すると、前方に4位の選手が見えて来て、なんと!それはニシ君です。いつも酷い土曜日のせいで、なかなか結果が出なかったニシ君が上位を走っています。やがて、ニシ君に追いついて、パスして4位に立ちますが、シャーシーの状態はどんどんと悪化してきていて、右コーナーだけではなくて、左コーナーも曲がらなくなって来て、先ほど抜いたドライバーにも抜かれそうです。
もっと軽度な修正でも、走っているうちに、どんどんど元に戻って来てしまうのがシャーシーなので、常識では直すようなシロモノでは無かった僕のマラネロはいよいよ厳しい事になって来ました。

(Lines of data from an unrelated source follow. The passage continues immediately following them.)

lemma rtranclp_tight_step_funpow_cyc:
  assumes "0 < r" "(tight_step r E)\<^sup>*\<^sup>* a b"
  shows "(tight_step r E)\<^sup>*\<^sup>* ((cyc ^^ n) a) ((cyc ^^ n) b)"
proof -
  have step: "tight_step r E ((cyc ^^ n) u) ((cyc ^^ n) v)" if "tight_step r E u v" for u v
    using that by (induction n) (simp_all add: tight_step_cyc assms(1))
  show ?thesis
    using assms(2) by induction (auto intro: rtranclp.rtrancl_into_rtrancl step)
qed

definition tight_walk_between :: "nat \<Rightarrow> 'a set set \<Rightarrow> nat \<Rightarrow> 'a list \<Rightarrow> 'a list \<Rightarrow> bool"
  where "tight_walk_between r E l x y \<longleftrightarrow>
    (\<exists>vs. tight_walk r E l vs \<and> walk_start r vs = x \<and> walk_end r l vs = y)"

lemma tight_walk_between_oriented_edges:
  assumes "tight_walk_between r E l x y"
  shows "x \<in> oriented_edges r E" "y \<in> oriented_edges r E"
  using assms by (auto simp: tight_walk_between_def tight_walk_def walk_start_def walk_end_def)

lemma tight_walk_between_0:
  "tight_walk_between r E 0 x y \<longleftrightarrow> x \<in> oriented_edges r E \<and> y = x"
  by (auto simp: tight_walk_between_def tight_walk_def walk_start_def walk_end_def
      oriented_edges_def)

lemma walk_start_snoc:
  "r \<le> length vs \<Longrightarrow> walk_start r (vs @ [c]) = walk_start r vs"
  by (simp add: walk_start_def)

lemma walk_end_snoc:
  "0 < r \<Longrightarrow> length vs = l + r \<Longrightarrow> walk_end r (Suc l) (vs @ [c]) = tl (walk_end r l vs) @ [c]"
  by (simp add: walk_end_def drop_Suc tl_drop)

しかし、僕とタイトル争いをしている、もう一人のライバルもトップに立ったり、2位になったりしています。僕がこのまま4位で終わった場合、彼が2位なら僕がチャンピオンです。彼が勝った場合は同点になって、彼の方が優勝回数が多くなるため、僕はランキング2位となってしまいます。
どちらにしても、僕は4位でフィニッシュが絶対条件なので、なんとか4位を守りながら、前を走るライバルの様子を見つめるしかありません。
そして、いよいよファイナルラップとなり、僕は4位でフィニッシュしますが、ライバル君も優勝して、本当にあと一歩の同点での2位となってしまいました。
チェッカーを受けて、車検場に戻ると、周りのドライバーから凄く驚かれました。パドックに戻る途中でも沢山の人から握手を求められて、優勝した訳でもないですし、チャンピオンも逃したのですが、みんなとても喜んでくれました。
僕自身も、タイトル獲得出来なかった事と優勝出来なかった事は悔しい事ですが、諦めずにみんなでカートを修復して、厳しいレースで、精一杯最後まで走った事で、不思議と清々しい気分でした。
お昼ご飯も食べずに、僕のカートの修復をしてくれた、とくさんや滝本さんが僕の追い上げをとても喜んでくれたのも嬉しかったです。
ニシ君ですが、最後は8位フィニッシュです。
そんな訳で、今年もチャンピオンとか獲れませんでしたが、久しぶりに集中した決勝だったように思います。
しかし、シャシーも無くなっちゃって、いよいよ本当に潮時でしょうか?今シーズンも終わりに近づいて、またこの難問との格闘が始まります。